With push-only gossip, the infection spreads roughly exponentially. The number of infected nodes after k rounds starting from 1 infected node follows:

  • Round 0: 1 node infected
  • Round 1: 2 nodes (1 contacts 1)
  • Round k: 2^k nodes infected (before hitting N)

For 99% of 100 nodes (99 nodes infected):

We need: 2^k ≥ 99 k ≥ log₂(99) ≈ 6.62

So 7 rounds are needed.

This is the theoretical ideal (random peer selection with no collisions). In practice, collisions happen (two nodes contact the same peer), so it might take 8-10 rounds. The formula works well when N is large relative to the number of infected nodes.

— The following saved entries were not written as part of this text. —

lemma pos_root_to_simple:
  "b \<in> Phi \<Longrightarrow> pos_cone b \<Longrightarrow> \<exists>as a. set as \<subseteq> Del \<and> a \<in> Del \<and> refl_word as b = a"
proof (induction "card {d\<in>Phi. d \<bullet> rho < b \<bullet> rho}" arbitrary: b rule: less_induct)
  case less
  show ?case
  proof (cases "b \<in> Del")
    case True
    then show ?thesis by (intro exI[of _ "[]"] exI[of _ b]) auto
  next
    case False
    obtain c where c: "b = (\<Sum>a\<in>Del. c a *\<^sub>R a)" "\<forall>a\<in>Del. 0 \<le> c a"
      using less(3) pos_cone_def by auto
    have "0 < b \<bullet> b" using zero_notin_roots less(2) by auto
    also have "b \<bullet> b = (\<Sum>a\<in>Del. c a * (b \<bullet> a))"
      by (subst (2) c(1)) (simp add: inner_sum_right)
    finally obtain a where a: "a \<in> Del" "0 < b \<bullet> a"
      using c(2) sum_nonpos[of Del "\<lambda>a. c a * (b \<bullet> a)"] by (force simp: mult_nonneg_nonpos)
    define b' where "b' = refl a b"
    have b': "b' \<in> Phi" "pos_cone b'"
      using refl_root[OF _ less(2)] refl_simple_pos_root[OF a(1) less(2,3)] a(1) simple_roots False
      by (auto simp: b'_def)
    have "0 < cpair b a" using a(2) simple_inner_pos[OF a(1)] by (simp add: cpair_def)
    then have "b' \<bullet> rho < b \<bullet> rho" using inner_refl_simple_rho[OF a(1)] by (simp add: b'_def)
    then have "{d\<in>Phi. d \<bullet> rho < b' \<bullet> rho} \<subset> {d\<in>Phi. d \<bullet> rho < b \<bullet> rho}"
      using b'(1) by auto
    then have "card {d\<in>Phi. d \<bullet> rho < b' \<bullet> rho} < card {d\<in>Phi. d \<bullet> rho < b \<bullet> rho}"
      by (rule psubset_card_mono[rotated]) (simp add: finite_roots)
    from less(1)[OF this b'] obtain as a' where "set as \<subseteq> Del" "a' \<in> Del" "refl_word as b' = a'"
      by blast
    then show ?thesis
      using a by (intro exI[of _ "as @ [a]"] exI[of _ a']) (auto simp: refl_word_append b'_def)
  qed
qed

lemma refl_root_word: assumes "b \<in> Phi" obtains as where "set as \<subseteq> Del" "refl b = refl_word as"
proof -
  have "\<exists>as. set as \<subseteq> Del \<and> refl b = refl_word as" if b: "b \<in> Phi" "pos_cone b" for b
  proof -
    obtain as a where as: "set as \<subseteq> Del" "a \<in> Del" "refl_word as b = a"
      using pos_root_to_simple[OF b] by blast
    then have Phi: "set as \<subseteq> Phi" using simple_roots by blast
    have "refl b x = refl_word (rev as @ a # as) x" for x
      using refl_word_conj[OF Phi, of b x] refl_word_rev[OF Phi] as(3)
      by (simp add: refl_word_append)
    then show ?thesis using as by (intro exI[of _ "rev as @ a # as"]) auto
  qed
  then show ?thesis
    using that assms root_pos_cone_cases[OF assms] uminus_root[OF assms] refl_uminus[of b] by metis
qed

abbreviation weyl :: "('a \<Rightarrow> 'a) set" where
  "weyl \<equiv> genmon (refl ` Phi)"

lemma weyl_iff_word: "w \<in> weyl \<longleftrightarrow> (\<exists>as. set as \<subseteq> Del \<and> w = refl_word as)"
proof
  assume "w \<in> weyl"
  then show "\<exists>as. set as \<subseteq> Del \<and> w = refl_word as"
  proof (induction rule: genmon.induct)
    case gen_id
    then show ?case by (intro exI[of _ "[]"]) auto
  next
    case (gen_step r w)
    then obtain b as where "b \<in> Phi" "r = refl b" "set as \<subseteq> Del" "w = refl_word as" by blast
    moreover obtain bs where "set bs \<subseteq> Del" "refl b = refl_word bs"
      using refl_root_word[OF \<open>b \<in> Phi\<close>] by blast
    ultimately show ?case by (intro exI[of _ "bs @ as"]) (auto simp: refl_word_append)
  qed
next
  assume "\<exists>as. set as \<subseteq> Del \<and> w = refl_word as"
  then obtain as where as: "set as \<subseteq> Del" "w = refl_word as" by blast
  have "refl_word as \<in> weyl" using as(1)
  proof (induction as)
    case Nil
    then show ?case using genmon.gen_id by (simp add: id_def)
  next
    case (Cons a as)
    then have "refl a \<in> refl ` Phi" using simple_roots by auto
    then show ?case using Cons genmon.gen_step[of "refl a" "refl ` Phi" "refl_word as"] by (simp add: o_def)
  qed
  then show "w \<in> weyl" using as by simp
qed

lemma weyl_wordE: assumes "w \<in> weyl" obtains as where "set as \<subseteq> Del" "w = refl_word as"
  using weyl_iff_word assms by blast

lemma weyl_linear: "w \<in> weyl \<Longrightarrow> linear w"
  by (erule weyl_wordE) (simp add: refl_word_linear)

lemma weyl_id: "id \<in> weyl"
  by (rule genmon.gen_id)

lemma weyl_refl: "a \<in> Phi \<Longrightarrow> refl a \<in> weyl"
  using genmon.gen_step[OF _ genmon.gen_id, of "refl a" "refl ` Phi"] by simp

lemma weyl_comp: assumes "w \<in> weyl" "v \<in> weyl" shows "w \<circ> v \<in> weyl"
proof -
  obtain as bs where "set as \<subseteq> Del" "w = refl_word as" "set bs \<subseteq> Del" "v = refl_word bs"
    using assms by (metis weyl_wordE)
  then show ?thesis by (auto simp: weyl_iff_word refl_word_append intro!: exI[of _ "as @ bs"])
qed

lemma weyl_inverse:
  assumes "w \<in> weyl"
  obtains v where "v \<in> weyl" "\<And>x. v (w x) = x" "\<And>x. w (v x) = x"
proof -
  obtain as where as: "set as \<subseteq> Del" "w = refl_word as" using assms by (rule weyl_wordE)
  then have Phi: "set as \<subseteq> Phi" using simple_roots by blast
  have "refl_word (rev as) \<in> weyl" using as(1) by (auto simp: weyl_iff_word intro!: exI[of _ "rev as"])
  moreover have "refl_word as (refl_word (rev as) x) = x" for x
    using refl_word_rev[of "rev as"] Phi by simp
  ultimately show ?thesis using that as refl_word_rev[OF Phi] by blast
qed

lemma weyl_bij: "w \<in> weyl \<Longrightarrow> bij w"
  by (erule weyl_inverse) (metis bij_betw_byWitness top_greatest image_subsetI UNIV_I)

text \<open>Applying the suffixes of xs to a, the root turns negative at some
  letter xs ! j, which must be the image of a under the shorter suffix; conjugating, that letter
  cancels against refl a.\<close>
lemma refl_word_deletion:
  assumes xs: "set xs \<subseteq> Del" and a: "a \<in> Del" and neg: "pos_cone (- refl_word xs a)"
  obtains ys where "set ys \<subseteq> Del" "length ys < length xs" "refl_word xs \<circ> refl a = refl_word ys"
proof -
  have aP: "a \<in> Phi" using a simple_roots by blast
  have sub: "set (drop j xs) \<subseteq> Phi" for j using xs simple_roots set_drop_subset by fastforce
  define B where "B j = refl_word (drop j xs) a" for j
  have BP: "B j \<in> Phi" for j unfolding B_def using refl_word_root[OF sub aP] .
  have "pos_cone (B (length xs))" unfolding B_def using pos_cone_simple[OF a] by simp
  moreover have "\<not> pos_cone (B 0)" using neg root_not_pos_cone_both[OF BP, of 0] by (auto simp: B_def)
  ultimately obtain j where j: "j < length xs" "\<not> pos_cone (B j)" "pos_cone (B (Suc j))"
    using ex_least_nat_less[of "\<lambda>j. pos_cone (B j)"] by blast
  have dj: "drop j xs = xs ! j # drop (Suc j) xs" using j(1) by (rule Cons_nth_drop_Suc[symmetric])
  have xj: "xs ! j \<in> Del" using j(1) xs nth_mem by blast
  have "B j = refl (xs ! j) (B (Suc j))" unfolding B_def by (simp add: dj)
  then have Bj: "refl_word (drop (Suc j) xs) a = xs ! j"
    using refl_simple_pos_root[OF xj BP j(3)] j(2) by (auto simp: B_def)
  have "refl_word xs (refl a x) = refl_word (take j xs @ drop (Suc j) xs) x" for x
  proof -
    have "refl_word xs (refl a x)
        = refl_word (take j xs) (refl (xs ! j) (refl_word (drop (Suc j) xs) (refl a x)))"
      by (subst append_take_drop_id[symmetric, of xs j]) (simp add: refl_word_append dj)
    also have "refl (xs ! j) (refl_word (drop (Suc j) xs) (refl a x))
        = refl_word (drop (Suc j) xs) (refl a (refl a x))"
      unfolding Bj[symmetric] by (rule refl_word_conj[OF sub])
    finally show ?thesis using refl_refl[OF simple_nonzero[OF a]] by (simp add: refl_word_append)
  qed
  moreover have "set (take j xs @ drop (Suc j) xs) \<subseteq> Del"
    using xs set_take_subset[of j xs] set_drop_subset[of "Suc j" xs] by auto
  moreover have "length (take j xs @ drop (Suc j) xs) < length xs" using j(1) by simp
  ultimately show ?thesis using that by (metis comp_apply ext)
qed
lemma writer_risk_translate:
  assumes filt: "discrete_filtration M Fl K"
    and S: "\<forall>k\<le>K. S k \<in> borel_measurable (Fl k)"
    and F: "\<forall>k\<le>K. (\<lambda>\<omega>. F k (S k \<omega>) (Y k \<omega>)) \<in> borel_measurable (Fl k)"
    and \<rho>: "cash_additive M \<rho>"
  shows "writer_risk M Fl K S Y F \<rho> p = writer_risk M Fl K S Y F \<rho> 0 - ereal p"
proof -
  have "writer_risk M Fl K S Y F \<rho> p =
      (INF s\<in>strategies Fl K. SUP \<tau>\<in>exercise_times M Fl K.
         ereal (\<rho> (\<lambda>\<omega>. payoff F S Y \<tau> \<omega> - (case s of (\<xi>, \<xi>h) \<Rightarrow> terminal_wealth S K 0 \<xi> \<xi>h) \<tau> \<omega>))
         + ereal (- p))"
    unfolding writer_risk_def wealth_processes_def image_image
  proof (intro INF_cong SUP_cong refl)
    fix s \<tau> assume s: "s \<in> strategies Fl K" and \<tau>: "\<tau> \<in> exercise_times M Fl K"
    obtain \<xi> \<xi>h where s_eq: "s = (\<xi>, \<xi>h)"
      by (cases s)
    \<comment> \<open>Unification cannot recover \<open>F\<close> and \<open>Y\<close> from the payoff hypothesis, and \<open>p\<close> must be
      instantiated: at \<open>p = 0\<close> the rule would rewrite its own right-hand side forever.\<close>
    note payoff = payoff_measurable[where F=F and S=S and Y=Y, OF filt F \<tau>]
    show "ereal (\<rho> (\<lambda>\<omega>. payoff F S Y \<tau> \<omega> - (case s of (\<xi>, \<xi>h) \<Rightarrow> terminal_wealth S K p \<xi> \<xi>h) \<tau> \<omega>))
      = ereal (\<rho> (\<lambda>\<omega>. payoff F S Y \<tau> \<omega> - (case s of (\<xi>, \<xi>h) \<Rightarrow> terminal_wealth S K 0 \<xi> \<xi>h) \<tau> \<omega>))
        + ereal (- p)"
      using cash_additive_translate_wealth[OF \<rho> payoff filt S \<tau> s[unfolded s_eq], where p=p]
      unfolding s_eq by simp
  qed
  also have "\<dots> = writer_risk M Fl K S Y F \<rho> 0 + ereal (- p)"
    unfolding SUP_ereal_add_real INF_ereal_add_real writer_risk_def wealth_processes_def image_image ..
  finally show ?thesis
    by (simp add: minus_ereal_def)
qed

lemma buyer_risk_translate:
  assumes filt: "discrete_filtration M Fl K"
    and S: "\<forall>k\<le>K. S k \<in> borel_measurable (Fl k)"
    and F: "\<forall>k\<le>K. (\<lambda>\<omega>. F k (S k \<omega>) (Y k \<omega>)) \<in> borel_measurable (Fl k)"
    and \<rho>: "cash_additive M \<rho>"
  shows "buyer_risk M Fl K S Y F \<rho> p = buyer_risk M Fl K S Y F \<rho> 0 + ereal p"
proof -
  have "buyer_risk M Fl K S Y F \<rho> p =
      (INF s\<in>strategies Fl K. INF \<tau>\<in>exercise_times M Fl K.
         ereal (\<rho> (\<lambda>\<omega>. - payoff F S Y \<tau> \<omega> - (case s of (\<xi>, \<xi>h) \<Rightarrow> terminal_wealth S K 0 \<xi> \<xi>h) \<tau> \<omega>))
         + ereal p)"
    unfolding buyer_risk_def wealth_processes_def image_image
  proof (intro INF_cong refl)
    fix s \<tau> assume s: "s \<in> strategies Fl K" and \<tau>: "\<tau> \<in> exercise_times M Fl K"
    obtain \<xi> \<xi>h where s_eq: "s = (\<xi>, \<xi>h)"
      by (cases s)
    note payoff = payoff_measurable[where F=F and S=S and Y=Y, OF filt F \<tau>]
    show "ereal (\<rho> (\<lambda>\<omega>. - payoff F S Y \<tau> \<omega> - (case s of (\<xi>, \<xi>h) \<Rightarrow> terminal_wealth S K (- p) \<xi> \<xi>h) \<tau> \<omega>))
      = ereal (\<rho> (\<lambda>\<omega>. - payoff F S Y \<tau> \<omega> - (case s of (\<xi>, \<xi>h) \<Rightarrow> terminal_wealth S K 0 \<xi> \<xi>h) \<tau> \<omega>))
        + ereal p"
      using cash_additive_translate_wealth[OF \<rho> borel_measurable_uminus[OF payoff] filt S \<tau>
          s[unfolded s_eq], where p="- p"]
      unfolding s_eq by simp
  qed
  also have "\<dots> = buyer_risk M Fl K S Y F \<rho> 0 + ereal p"
    unfolding INF_ereal_add_real buyer_risk_def wealth_processes_def image_image minus_zero ..
  finally show ?thesis .
qed

lemma equal_risk_price_iff:
  assumes filt: "discrete_filtration M Fl K"
    and S: "\<forall>k\<le>K. S k \<in> borel_measurable (Fl k)"
    and F: "\<forall>k\<le>K. (\<lambda>\<omega>. F k (S k \<omega>) (Y k \<omega>)) \<in> borel_measurable (Fl k)"
    and \<rho>w: "cash_additive M \<rho>w" and \<rho>b: "cash_additive M \<rho>b"
  shows "equal_risk_price M Fl K S Y F \<rho>w \<rho>b p \<longleftrightarrow>
    (\<bar>buyer_risk M Fl K S Y F \<rho>b 0\<bar> \<noteq> \<infinity> \<and> \<bar>writer_risk M Fl K S Y F \<rho>w 0\<bar> \<noteq> \<infinity>) \<and>
    p = (real_of_ereal (writer_risk M Fl K S Y F \<rho>w 0)
         - real_of_ereal (buyer_risk M Fl K S Y F \<rho>b 0)) / 2"
  unfolding equal_risk_price_def writer_risk_translate[where F=F and Y=Y and p=p, OF filt S F \<rho>w]
    buyer_risk_translate[where F=F and Y=Y and p=p, OF filt S F \<rho>b]
  by (rule ereal_diff_real_eq_add_real_iff)

theorem lemma4:
  fixes M :: "'a measure" and Fl :: "nat \<Rightarrow> 'a measure" and K :: nat
    and S :: "nat \<Rightarrow> 'a \<Rightarrow> real" and Y :: "nat \<Rightarrow> 'a \<Rightarrow> 'y::topological_space"
    and F :: "nat \<Rightarrow> real \<Rightarrow> 'y \<Rightarrow> real"
    and \<rho>w \<rho>b :: "('a \<Rightarrow> real) \<Rightarrow> real"
  assumes "prob_space M"
    and "discrete_filtration M Fl K"
    and "\<forall>k\<le>K. S k \<in> borel_measurable (Fl k)"
    and "\<forall>k\<le>K. Y k \<in> Fl k \<rightarrow>\<^sub>M borel"
    and "\<forall>k\<le>K. (\<lambda>\<omega>. F k (S k \<omega>) (Y k \<omega>)) \<in> borel_measurable (Fl k)"
    and "convex_risk_measure M \<rho>w"
    and "convex_risk_measure M \<rho>b"
  shows "((\<exists>!p. equal_risk_price M Fl K S Y F \<rho>w \<rho>b p) \<longleftrightarrow>
            (\<bar>buyer_risk M Fl K S Y F \<rho>b 0\<bar> \<noteq> \<infinity> \<and> \<bar>writer_risk M Fl K S Y F \<rho>w 0\<bar> \<noteq> \<infinity>))
       \<and> (\<forall>p. equal_risk_price M Fl K S Y F \<rho>w \<rho>b p \<longrightarrow>
            p = (real_of_ereal (writer_risk M Fl K S Y F \<rho>w 0)
                 - real_of_ereal (buyer_risk M Fl K S Y F \<rho>b 0)) / 2)"
proof -
  have "cash_additive M \<rho>w" "cash_additive M \<rho>b"
    using assms(6,7) by (simp_all add: convex_risk_measure_cash_additive)
  note price_iff = equal_risk_price_iff[where F=F and Y=Y, OF assms(2,3,5) this]
  show ?thesis
    unfolding price_iff Ex1_conj_eq_iff by simp
qed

For the last 1% (node that hasn’t been infected yet): the problem is that late-stage propagation slows down because most peers already have the data, so the chance of contacting an uninfected node decreases. This is the “diminishing returns” of gossip — the first 50% spreads fast, the last 10% takes proportionally longer.

Solution 4

For a shopping cart that must never lose items: choose vector clock siblings.

Here’s why:

  • With LWW, concurrent writes from different devices can cause item loss. If the phone adds “milk” and the web browser adds “eggs” at nearly the same time, only one survives.
  • Vector clocks preserve both writes as siblings, and the merge logic produces the union: {milk, eggs}.
  • No items are lost.

When LWW would be better:

  • When the data is not additive (e.g., updating a profile’s “status message” — you want the latest one, not both).
  • When application-level merge logic is too complex or error-prone.
  • When storage is a concern (siblings can accumulate).
  • When you’re willing to trade data integrity for simplicity.

Most production shopping cart systems actually use a hybrid: they use vector clocks for cart items (additive) but LWW for cart-level metadata like “last modified date.”